Roadmap
Our vision is for LLM Context Forge to become the standard, infrastructure-grade tool for completely deterministic context management regardless of the underlying LLM provider.
✅ Completed (v1.x)
- Exact Tokenization: Exact cl100k, o200k, huggingface tokenizers without heuristics.
- Intelligent Chunking: 5 robust strategies (sentence, paragraph, semantic, code, fixed).
- Priority Packing: The
ContextWindowalgorithm mimicking system-level queues. - Pre-flight Estimation: Cross-model cost calculators.
- Dual Language Parity: 100% equivalent behavior in Python and TypeScript.
🚧 In Progress (v1.5)
- Streaming Context Window: Ability to dynamically stream the packed items using async generators down to the client.

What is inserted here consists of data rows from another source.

definition coprime_density :: "nat \<Rightarrow> real" where
  "coprime_density l = (\<Prod>j=1..l. 1 - 1 / real (pr j))"

lemma pr_prod_pos: "pr_prod l > 0"
  unfolding pr_prod_def using prime_pr by (simp add: prime_gt_0_nat)

lemma pr_dvd_pr_prod: "j \<in> {1..l} \<Longrightarrow> pr j dvd pr_prod l"
  unfolding pr_prod_def by (intro dvd_prodI) auto

lemma coprime_density_eq: "coprime_density l = totient (pr_prod l) / pr_prod l"
proof -
  have "totient (pr_prod l) = (\<Prod>j=1..l. totient (pr j))"
    unfolding pr_prod_def
  proof (rule totient_prod_coprime)
    show "pairwise coprime (pr ` {1..l})"
      unfolding pairwise_def using prime_pr by (auto simp: primes_coprime)
    show "inj_on pr {1..l}" using inj_on_pr by (rule inj_on_subset) auto
  qed
  also have "\<dots> = (\<Prod>j=1..l. pr j - 1)" using prime_pr by (simp add: totient_prime)
  finally have "real (totient (pr_prod l)) / pr_prod l = (\<Prod>j=1..l. real (pr j - 1) / pr j)"
    by (simp add: pr_prod_def prod_dividef)
  also have "\<dots> = coprime_density l"
    unfolding coprime_density_def using prime_pr
    by (intro prod.cong) (auto simp: field_simps prime_gt_0_nat of_nat_diff prime_ge_1_nat)
  finally show ?thesis ..
qed

lemma odd_if_coprime_pr_prod:
  assumes "l \<ge> 1" "coprime m (pr_prod l)"
  shows "odd m"
proof -
  obtain k where "pr_prod l = 2 * k" using pr_dvd_pr_prod[of 1 l] pr_1 assms(1) by auto
  thus ?thesis using assms(2) by simp
qed

lemma coprime_pr_prod_Ml:
  assumes "coprime m (pr_prod l)" "s \<in> Ml l x"
  shows "coprime m s"
proof (rule ccontr)
  assume "\<not> coprime m s"
  then obtain p where p: "prime p" "p dvd m" "p dvd s"
    by (metis coprime_iff_gcd_eq_1 gcd_dvd1 gcd_dvd2 dvd_trans prime_factor_nat)
  then obtain j where "j \<in> {1..l}" "p = pr j" using assms(2) unfolding Ml_def by blast
  hence "p dvd pr_prod l" using pr_dvd_pr_prod by simp
  with p assms(1) show False by (meson coprime_common_divisor not_prime_unit)
qed

section \<open>Counting integers coprime to \<open>P\<close>\<close>

definition coprime_count :: "nat \<Rightarrow> nat \<Rightarrow> nat" where
  "coprime_count P y = card {m\<in>{1..y}. coprime m P}"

- Image Context Sizing: Adding exact token sizing for image inputs (e.g., resizing logic for GPT-4o vision tokens).
- Rust Core / FFI binding: Rewriting the heaviest math/chunking operations in Rust and linking to both Python and Node for ultimate speed.
📋 Planned (v2.0)
- Multi-Modal Native: Audio and Video token estimations natively within the context packings.
- KV-Cache State Tracking: Tracking what prompts have been sent to APIs supporting Context Caching (like Anthropic) to accurately predict cache-hit costs vs cache-miss costs.